- [WHAT THIS TASK INVOLVES]
How many lines in the data below contain the word "lemma"? State only the number.

- [DATA PROVIDED]
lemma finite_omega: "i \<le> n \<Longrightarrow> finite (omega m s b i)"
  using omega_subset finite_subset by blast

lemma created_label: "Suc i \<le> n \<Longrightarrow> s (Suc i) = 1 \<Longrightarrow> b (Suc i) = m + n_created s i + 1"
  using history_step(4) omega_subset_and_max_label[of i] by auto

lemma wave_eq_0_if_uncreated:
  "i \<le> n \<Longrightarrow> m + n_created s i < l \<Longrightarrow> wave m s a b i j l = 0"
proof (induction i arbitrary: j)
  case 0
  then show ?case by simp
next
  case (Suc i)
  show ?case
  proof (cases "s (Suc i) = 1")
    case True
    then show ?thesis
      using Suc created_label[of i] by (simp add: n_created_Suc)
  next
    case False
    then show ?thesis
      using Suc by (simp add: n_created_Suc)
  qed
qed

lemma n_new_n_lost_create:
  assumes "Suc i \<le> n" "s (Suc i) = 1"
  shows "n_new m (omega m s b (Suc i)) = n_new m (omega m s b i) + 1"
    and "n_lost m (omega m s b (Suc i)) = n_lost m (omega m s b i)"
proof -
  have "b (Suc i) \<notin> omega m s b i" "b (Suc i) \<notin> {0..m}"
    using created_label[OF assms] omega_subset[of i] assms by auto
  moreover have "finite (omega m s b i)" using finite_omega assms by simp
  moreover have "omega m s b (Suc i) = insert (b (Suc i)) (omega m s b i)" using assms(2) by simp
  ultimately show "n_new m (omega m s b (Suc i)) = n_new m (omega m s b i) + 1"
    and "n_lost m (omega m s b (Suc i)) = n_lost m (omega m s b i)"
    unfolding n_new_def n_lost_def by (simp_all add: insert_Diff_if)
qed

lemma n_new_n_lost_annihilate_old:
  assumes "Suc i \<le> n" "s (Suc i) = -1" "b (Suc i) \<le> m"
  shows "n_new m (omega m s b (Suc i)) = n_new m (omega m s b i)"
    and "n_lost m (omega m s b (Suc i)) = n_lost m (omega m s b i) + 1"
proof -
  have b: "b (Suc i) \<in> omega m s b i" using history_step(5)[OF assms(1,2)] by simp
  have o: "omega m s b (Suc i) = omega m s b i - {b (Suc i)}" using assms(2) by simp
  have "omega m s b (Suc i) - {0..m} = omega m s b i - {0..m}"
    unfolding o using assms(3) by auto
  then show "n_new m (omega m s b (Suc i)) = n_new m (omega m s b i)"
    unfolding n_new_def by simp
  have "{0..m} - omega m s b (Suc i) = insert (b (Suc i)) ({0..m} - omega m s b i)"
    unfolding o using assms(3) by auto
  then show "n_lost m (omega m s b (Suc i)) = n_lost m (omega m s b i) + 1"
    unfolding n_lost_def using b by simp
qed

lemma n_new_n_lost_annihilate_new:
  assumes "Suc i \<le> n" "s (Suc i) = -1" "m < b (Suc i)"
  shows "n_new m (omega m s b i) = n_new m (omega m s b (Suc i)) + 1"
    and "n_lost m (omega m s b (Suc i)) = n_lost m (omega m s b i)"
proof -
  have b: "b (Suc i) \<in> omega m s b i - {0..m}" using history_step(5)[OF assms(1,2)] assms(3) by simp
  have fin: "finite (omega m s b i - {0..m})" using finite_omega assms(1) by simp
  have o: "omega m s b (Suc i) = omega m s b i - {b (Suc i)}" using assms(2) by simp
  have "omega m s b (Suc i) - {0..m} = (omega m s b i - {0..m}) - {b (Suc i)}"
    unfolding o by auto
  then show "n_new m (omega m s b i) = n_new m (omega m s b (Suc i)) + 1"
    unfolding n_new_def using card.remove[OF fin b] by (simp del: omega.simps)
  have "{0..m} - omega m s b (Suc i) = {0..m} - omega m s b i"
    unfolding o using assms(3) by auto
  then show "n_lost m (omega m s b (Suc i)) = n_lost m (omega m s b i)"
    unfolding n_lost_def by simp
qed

- [TASK OUTPUT]
6